Stored data

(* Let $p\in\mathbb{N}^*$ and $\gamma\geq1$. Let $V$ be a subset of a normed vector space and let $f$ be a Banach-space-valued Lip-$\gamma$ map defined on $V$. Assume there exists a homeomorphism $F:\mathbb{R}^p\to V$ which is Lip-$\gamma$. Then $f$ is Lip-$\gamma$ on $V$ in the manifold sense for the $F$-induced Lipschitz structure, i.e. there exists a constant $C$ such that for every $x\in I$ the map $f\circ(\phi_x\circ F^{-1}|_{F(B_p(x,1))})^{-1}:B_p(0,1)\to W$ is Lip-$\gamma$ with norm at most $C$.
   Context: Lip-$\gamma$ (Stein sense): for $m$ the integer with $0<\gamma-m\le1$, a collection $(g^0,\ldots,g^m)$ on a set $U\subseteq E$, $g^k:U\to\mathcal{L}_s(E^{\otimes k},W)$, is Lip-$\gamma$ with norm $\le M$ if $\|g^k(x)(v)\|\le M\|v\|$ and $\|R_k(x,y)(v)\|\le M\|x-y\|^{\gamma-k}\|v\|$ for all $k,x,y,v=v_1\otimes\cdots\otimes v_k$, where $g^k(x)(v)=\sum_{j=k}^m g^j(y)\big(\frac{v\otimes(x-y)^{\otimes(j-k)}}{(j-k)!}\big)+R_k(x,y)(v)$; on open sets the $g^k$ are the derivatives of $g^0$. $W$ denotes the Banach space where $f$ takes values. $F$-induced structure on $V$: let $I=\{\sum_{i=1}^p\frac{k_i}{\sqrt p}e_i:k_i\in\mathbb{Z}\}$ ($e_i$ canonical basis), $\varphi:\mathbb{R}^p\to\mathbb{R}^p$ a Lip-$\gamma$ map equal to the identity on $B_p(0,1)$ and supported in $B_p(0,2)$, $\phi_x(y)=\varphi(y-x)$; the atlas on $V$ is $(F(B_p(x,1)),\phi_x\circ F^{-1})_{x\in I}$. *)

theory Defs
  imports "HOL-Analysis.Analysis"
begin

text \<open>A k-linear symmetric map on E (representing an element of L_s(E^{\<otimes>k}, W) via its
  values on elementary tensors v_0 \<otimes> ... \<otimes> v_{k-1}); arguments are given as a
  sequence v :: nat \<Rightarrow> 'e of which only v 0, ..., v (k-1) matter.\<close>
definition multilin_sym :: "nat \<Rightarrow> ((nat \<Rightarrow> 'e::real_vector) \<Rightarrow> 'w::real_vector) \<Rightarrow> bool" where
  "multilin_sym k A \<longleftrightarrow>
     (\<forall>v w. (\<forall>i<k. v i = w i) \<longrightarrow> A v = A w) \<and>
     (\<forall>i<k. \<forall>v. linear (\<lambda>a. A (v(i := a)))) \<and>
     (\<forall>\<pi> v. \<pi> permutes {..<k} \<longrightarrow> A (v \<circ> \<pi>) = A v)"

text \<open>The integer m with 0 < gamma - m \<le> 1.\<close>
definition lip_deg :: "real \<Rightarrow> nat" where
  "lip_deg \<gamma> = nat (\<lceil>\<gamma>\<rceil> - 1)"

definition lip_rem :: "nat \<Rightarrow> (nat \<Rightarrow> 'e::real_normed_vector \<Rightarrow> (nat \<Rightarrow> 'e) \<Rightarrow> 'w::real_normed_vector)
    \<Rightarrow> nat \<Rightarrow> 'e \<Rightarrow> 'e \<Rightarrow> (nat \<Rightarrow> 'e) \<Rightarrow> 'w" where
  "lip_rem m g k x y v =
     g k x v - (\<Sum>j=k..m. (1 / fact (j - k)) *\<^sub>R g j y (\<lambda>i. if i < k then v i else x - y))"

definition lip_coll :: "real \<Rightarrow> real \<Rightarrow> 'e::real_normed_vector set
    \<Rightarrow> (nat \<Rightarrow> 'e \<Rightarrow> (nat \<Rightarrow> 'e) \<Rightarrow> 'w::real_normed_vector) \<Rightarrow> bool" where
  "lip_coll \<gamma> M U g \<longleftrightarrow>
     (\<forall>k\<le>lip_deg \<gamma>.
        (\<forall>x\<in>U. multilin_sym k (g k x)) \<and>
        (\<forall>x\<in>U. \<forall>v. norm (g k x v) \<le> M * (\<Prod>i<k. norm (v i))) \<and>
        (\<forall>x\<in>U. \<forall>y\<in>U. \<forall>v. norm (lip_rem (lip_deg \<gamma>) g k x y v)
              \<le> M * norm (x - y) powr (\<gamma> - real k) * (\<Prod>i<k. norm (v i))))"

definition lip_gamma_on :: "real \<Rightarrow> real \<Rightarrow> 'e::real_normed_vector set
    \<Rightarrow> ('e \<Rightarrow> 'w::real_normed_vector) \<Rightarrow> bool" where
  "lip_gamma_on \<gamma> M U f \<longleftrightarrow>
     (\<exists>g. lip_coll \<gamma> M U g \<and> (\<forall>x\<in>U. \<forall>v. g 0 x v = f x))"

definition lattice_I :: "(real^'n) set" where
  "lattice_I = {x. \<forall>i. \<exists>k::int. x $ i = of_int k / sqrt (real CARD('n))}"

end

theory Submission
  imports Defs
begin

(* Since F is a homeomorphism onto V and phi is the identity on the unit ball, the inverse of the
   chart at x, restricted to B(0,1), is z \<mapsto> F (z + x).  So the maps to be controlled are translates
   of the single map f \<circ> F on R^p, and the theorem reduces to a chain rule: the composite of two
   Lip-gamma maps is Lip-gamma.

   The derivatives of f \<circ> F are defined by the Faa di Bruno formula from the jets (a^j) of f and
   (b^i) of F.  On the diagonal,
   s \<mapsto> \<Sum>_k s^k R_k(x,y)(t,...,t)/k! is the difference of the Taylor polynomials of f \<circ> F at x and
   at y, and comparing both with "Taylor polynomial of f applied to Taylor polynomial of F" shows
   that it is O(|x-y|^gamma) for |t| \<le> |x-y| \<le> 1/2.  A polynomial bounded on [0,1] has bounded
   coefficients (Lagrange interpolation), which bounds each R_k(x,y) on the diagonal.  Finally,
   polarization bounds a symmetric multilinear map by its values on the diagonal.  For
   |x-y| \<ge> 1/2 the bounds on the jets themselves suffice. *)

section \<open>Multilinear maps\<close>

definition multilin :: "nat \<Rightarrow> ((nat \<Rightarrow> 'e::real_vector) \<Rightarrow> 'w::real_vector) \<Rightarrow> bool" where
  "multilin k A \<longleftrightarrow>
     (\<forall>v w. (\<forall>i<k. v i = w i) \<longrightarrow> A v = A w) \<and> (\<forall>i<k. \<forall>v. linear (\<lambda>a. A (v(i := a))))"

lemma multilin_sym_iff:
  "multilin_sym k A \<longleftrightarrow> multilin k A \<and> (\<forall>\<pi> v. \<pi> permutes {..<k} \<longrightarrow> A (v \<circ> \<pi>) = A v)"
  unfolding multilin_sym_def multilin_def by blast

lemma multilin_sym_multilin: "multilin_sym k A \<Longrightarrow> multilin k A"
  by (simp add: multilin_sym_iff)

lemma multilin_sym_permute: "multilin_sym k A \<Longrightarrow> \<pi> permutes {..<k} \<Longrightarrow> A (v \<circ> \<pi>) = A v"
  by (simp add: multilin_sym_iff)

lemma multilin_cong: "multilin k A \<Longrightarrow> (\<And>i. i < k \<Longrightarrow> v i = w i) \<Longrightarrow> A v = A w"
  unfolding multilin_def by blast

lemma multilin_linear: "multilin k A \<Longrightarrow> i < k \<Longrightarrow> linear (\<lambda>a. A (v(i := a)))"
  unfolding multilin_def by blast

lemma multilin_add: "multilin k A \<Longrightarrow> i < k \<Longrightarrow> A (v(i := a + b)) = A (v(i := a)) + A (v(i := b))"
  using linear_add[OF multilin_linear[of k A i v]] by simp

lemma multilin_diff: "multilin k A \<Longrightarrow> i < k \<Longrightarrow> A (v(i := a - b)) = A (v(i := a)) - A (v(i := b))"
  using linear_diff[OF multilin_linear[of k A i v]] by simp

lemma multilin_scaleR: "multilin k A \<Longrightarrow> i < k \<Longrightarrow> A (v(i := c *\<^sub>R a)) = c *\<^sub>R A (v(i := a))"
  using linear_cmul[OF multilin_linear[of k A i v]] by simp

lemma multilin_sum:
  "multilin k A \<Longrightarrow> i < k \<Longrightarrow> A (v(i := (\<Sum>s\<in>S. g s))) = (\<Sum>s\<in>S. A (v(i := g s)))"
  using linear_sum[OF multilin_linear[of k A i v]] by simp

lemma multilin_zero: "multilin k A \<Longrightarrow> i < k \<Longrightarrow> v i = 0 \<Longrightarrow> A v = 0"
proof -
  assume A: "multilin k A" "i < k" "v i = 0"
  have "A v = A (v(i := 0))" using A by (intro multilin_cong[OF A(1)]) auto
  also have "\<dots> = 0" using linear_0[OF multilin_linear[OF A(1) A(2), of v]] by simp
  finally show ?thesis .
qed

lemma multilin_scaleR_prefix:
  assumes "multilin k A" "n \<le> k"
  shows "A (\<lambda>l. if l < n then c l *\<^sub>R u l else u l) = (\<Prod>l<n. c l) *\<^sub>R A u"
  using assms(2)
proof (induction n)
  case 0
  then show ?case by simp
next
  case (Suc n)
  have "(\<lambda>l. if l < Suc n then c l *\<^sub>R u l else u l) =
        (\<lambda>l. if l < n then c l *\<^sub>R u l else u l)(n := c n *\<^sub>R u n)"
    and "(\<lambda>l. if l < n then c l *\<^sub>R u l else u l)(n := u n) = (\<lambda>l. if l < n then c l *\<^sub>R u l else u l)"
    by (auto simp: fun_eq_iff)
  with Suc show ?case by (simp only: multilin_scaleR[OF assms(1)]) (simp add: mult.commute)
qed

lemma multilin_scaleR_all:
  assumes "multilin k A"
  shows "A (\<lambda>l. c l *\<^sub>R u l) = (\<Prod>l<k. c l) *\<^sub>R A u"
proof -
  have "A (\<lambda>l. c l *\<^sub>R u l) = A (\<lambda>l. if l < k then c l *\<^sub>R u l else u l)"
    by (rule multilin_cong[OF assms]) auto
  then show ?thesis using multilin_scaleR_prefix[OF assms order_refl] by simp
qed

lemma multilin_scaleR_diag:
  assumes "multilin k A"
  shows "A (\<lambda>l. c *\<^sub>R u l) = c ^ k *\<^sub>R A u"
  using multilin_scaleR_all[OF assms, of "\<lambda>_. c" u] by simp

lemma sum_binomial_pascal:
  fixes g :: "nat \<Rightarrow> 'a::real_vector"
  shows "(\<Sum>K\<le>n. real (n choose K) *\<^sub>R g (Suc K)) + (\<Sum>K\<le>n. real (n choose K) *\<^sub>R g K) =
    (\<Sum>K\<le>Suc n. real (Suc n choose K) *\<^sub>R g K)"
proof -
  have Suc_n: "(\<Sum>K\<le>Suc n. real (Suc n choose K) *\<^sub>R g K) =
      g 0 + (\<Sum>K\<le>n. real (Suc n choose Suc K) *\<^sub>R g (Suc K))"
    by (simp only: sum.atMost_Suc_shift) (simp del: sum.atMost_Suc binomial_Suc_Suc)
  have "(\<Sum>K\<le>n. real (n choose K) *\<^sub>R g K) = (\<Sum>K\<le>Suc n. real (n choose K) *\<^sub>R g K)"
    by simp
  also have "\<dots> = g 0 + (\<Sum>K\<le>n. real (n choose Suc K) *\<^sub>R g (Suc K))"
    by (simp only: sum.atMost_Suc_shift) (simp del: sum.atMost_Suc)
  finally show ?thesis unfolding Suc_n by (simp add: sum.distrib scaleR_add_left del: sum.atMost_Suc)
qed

...

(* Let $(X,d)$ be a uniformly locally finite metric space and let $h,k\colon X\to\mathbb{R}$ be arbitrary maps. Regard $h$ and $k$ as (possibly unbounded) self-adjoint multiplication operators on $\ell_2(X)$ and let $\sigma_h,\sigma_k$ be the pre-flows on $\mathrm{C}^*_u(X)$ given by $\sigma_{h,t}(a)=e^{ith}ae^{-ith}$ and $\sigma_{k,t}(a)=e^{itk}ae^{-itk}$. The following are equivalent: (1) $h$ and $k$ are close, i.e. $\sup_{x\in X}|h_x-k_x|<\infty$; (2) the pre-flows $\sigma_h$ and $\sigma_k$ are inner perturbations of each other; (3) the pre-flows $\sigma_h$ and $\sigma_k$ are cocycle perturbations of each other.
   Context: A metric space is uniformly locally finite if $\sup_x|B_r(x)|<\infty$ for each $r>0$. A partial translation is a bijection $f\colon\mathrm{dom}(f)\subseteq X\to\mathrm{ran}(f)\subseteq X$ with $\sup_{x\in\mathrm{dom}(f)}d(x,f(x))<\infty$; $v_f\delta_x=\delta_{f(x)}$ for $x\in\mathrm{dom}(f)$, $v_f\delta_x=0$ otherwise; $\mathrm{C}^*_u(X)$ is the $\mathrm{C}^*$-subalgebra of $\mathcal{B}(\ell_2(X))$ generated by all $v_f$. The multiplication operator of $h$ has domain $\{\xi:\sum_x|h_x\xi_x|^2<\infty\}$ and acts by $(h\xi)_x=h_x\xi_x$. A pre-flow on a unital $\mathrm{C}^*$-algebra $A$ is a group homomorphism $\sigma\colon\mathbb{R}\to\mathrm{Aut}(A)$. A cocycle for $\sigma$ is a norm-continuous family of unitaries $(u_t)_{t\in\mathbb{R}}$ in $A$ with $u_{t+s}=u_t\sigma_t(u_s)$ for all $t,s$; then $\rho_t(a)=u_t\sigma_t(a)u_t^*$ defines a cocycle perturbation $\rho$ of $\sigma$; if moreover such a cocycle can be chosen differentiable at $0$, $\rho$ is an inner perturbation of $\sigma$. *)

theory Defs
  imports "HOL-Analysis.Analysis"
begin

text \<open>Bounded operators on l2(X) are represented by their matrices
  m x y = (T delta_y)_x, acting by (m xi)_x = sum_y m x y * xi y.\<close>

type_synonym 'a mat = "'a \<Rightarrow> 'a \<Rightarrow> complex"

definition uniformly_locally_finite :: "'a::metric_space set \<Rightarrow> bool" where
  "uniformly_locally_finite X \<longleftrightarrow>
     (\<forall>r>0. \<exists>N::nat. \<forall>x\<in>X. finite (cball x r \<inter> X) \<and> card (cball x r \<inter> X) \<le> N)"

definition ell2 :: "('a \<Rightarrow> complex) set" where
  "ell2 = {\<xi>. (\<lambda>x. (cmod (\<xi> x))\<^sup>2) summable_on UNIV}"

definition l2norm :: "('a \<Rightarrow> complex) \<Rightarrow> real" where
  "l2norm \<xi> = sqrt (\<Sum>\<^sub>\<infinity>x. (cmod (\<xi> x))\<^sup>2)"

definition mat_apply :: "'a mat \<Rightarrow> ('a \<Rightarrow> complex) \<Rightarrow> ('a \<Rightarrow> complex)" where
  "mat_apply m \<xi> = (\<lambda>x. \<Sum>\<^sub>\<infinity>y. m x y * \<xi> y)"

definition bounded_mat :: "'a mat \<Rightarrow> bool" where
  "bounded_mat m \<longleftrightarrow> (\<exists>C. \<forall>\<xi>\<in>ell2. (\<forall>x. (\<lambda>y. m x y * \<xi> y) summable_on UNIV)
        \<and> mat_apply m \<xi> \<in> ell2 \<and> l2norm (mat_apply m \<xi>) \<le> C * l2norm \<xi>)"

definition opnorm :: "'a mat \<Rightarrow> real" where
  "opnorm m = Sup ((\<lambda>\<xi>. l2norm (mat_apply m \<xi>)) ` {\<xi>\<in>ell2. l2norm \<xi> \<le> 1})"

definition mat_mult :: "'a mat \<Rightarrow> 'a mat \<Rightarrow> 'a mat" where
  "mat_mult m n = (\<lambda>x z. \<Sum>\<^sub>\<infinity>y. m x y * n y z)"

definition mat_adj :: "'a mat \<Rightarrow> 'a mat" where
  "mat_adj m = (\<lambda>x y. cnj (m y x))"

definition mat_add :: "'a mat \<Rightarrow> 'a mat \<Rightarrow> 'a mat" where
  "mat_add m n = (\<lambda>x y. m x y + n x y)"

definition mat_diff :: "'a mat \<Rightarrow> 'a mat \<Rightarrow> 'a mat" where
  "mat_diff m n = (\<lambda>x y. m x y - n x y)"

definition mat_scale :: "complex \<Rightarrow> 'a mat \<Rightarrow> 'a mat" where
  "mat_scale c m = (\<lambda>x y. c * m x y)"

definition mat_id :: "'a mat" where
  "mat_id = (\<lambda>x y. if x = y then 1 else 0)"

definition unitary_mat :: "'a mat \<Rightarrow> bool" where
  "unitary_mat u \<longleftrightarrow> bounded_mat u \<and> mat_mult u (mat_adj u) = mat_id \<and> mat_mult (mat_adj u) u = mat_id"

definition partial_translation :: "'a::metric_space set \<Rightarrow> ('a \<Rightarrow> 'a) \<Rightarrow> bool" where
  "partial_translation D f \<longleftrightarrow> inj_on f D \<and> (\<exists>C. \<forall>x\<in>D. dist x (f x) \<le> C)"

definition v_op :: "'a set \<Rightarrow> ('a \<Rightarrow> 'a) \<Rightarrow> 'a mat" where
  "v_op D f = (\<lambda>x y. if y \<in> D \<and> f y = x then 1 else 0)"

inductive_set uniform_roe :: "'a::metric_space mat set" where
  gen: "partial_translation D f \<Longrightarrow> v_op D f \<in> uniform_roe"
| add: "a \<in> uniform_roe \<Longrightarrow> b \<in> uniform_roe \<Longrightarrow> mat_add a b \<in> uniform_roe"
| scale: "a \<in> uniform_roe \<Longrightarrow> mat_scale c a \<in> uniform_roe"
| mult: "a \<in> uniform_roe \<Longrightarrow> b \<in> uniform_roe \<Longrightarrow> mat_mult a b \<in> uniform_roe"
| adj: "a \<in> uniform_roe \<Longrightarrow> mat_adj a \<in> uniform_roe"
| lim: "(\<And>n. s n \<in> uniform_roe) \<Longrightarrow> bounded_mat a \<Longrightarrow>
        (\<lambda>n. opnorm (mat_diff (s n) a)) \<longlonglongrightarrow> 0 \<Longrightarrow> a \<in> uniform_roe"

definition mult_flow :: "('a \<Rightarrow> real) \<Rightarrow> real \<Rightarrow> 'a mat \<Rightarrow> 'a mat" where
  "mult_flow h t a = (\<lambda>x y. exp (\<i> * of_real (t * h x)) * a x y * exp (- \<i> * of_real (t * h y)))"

==

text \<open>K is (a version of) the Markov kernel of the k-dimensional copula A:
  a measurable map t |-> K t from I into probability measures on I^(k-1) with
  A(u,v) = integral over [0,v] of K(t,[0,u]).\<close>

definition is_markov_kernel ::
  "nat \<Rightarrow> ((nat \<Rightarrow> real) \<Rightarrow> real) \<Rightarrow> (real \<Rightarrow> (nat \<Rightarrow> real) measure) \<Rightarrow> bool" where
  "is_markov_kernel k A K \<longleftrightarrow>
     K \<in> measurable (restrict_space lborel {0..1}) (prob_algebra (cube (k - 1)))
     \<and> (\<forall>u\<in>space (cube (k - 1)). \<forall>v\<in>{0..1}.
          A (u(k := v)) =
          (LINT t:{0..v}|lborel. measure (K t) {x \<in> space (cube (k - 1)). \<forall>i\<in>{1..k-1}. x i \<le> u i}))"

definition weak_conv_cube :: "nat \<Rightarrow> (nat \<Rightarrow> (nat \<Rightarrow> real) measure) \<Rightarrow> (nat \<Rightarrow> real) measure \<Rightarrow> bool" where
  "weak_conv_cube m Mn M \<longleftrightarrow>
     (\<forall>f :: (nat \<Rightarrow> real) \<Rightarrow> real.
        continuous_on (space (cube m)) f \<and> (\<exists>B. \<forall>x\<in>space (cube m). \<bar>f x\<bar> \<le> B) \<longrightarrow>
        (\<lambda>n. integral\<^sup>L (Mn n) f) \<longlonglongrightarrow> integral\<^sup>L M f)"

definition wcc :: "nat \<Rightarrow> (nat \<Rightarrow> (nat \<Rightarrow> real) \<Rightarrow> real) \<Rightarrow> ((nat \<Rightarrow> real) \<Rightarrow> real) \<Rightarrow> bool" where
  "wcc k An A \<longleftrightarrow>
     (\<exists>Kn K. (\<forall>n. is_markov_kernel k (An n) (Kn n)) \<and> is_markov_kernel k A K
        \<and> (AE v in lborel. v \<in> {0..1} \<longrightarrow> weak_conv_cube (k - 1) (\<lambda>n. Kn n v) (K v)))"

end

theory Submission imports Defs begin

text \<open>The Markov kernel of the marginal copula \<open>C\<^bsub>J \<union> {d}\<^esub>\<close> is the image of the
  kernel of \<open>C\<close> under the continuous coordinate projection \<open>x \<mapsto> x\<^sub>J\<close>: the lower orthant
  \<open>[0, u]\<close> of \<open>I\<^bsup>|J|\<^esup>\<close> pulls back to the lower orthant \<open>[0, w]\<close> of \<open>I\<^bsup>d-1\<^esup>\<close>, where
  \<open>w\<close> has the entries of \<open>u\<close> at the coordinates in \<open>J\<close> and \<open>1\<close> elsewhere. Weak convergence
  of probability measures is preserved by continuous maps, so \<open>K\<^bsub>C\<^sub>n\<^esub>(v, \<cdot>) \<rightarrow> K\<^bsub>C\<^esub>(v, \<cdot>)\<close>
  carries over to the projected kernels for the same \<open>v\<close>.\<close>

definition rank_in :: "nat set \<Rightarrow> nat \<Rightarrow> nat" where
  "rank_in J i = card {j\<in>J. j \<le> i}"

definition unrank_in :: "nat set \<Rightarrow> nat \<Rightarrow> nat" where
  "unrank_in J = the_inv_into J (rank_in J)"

* **Required work**: Could you repeat exactly the lines above from the line with "c m = (\<lambda>x" up to and including the line with "a = (\<lambda>x", and only those?

* **Solution**:
  "mat_scale c m = (\<lambda>x y. c * m x y)"

definition mat_id :: "'a mat" where
  "mat_id = (\<lambda>x y. if x = y then 1 else 0)"

definition unitary_mat :: "'a mat \<Rightarrow> bool" where
  "unitary_mat u \<longleftrightarrow> bounded_mat u \<and> mat_mult u (mat_adj u) = mat_id \<and> mat_mult (mat_adj u) u = mat_id"

definition partial_translation :: "'a::metric_space set \<Rightarrow> ('a \<Rightarrow> 'a) \<Rightarrow> bool" where
  "partial_translation D f \<longleftrightarrow> inj_on f D \<and> (\<exists>C. \<forall>x\<in>D. dist x (f x) \<le> C)"

definition v_op :: "'a set \<Rightarrow> ('a \<Rightarrow> 'a) \<Rightarrow> 'a mat" where
  "v_op D f = (\<lambda>x y. if y \<in> D \<and> f y = x then 1 else 0)"

inductive_set uniform_roe :: "'a::metric_space mat set" where
  gen: "partial_translation D f \<Longrightarrow> v_op D f \<in> uniform_roe"
| add: "a \<in> uniform_roe \<Longrightarrow> b \<in> uniform_roe \<Longrightarrow> mat_add a b \<in> uniform_roe"
| scale: "a \<in> uniform_roe \<Longrightarrow> mat_scale c a \<in> uniform_roe"
| mult: "a \<in> uniform_roe \<Longrightarrow> b \<in> uniform_roe \<Longrightarrow> mat_mult a b \<in> uniform_roe"
| adj: "a \<in> uniform_roe \<Longrightarrow> mat_adj a \<in> uniform_roe"
| lim: "(\<And>n. s n \<in> uniform_roe) \<Longrightarrow> bounded_mat a \<Longrightarrow>
        (\<lambda>n. opnorm (mat_diff (s n) a)) \<longlonglongrightarrow> 0 \<Longrightarrow> a \<in> uniform_roe"

definition mult_flow :: "('a \<Rightarrow> real) \<Rightarrow> real \<Rightarrow> 'a mat \<Rightarrow> 'a mat" where
  "mult_flow h t a = (\<lambda>x y. exp (\<i> * of_real (t * h x)) * a x y * exp (- \<i> * of_real (t * h y)))"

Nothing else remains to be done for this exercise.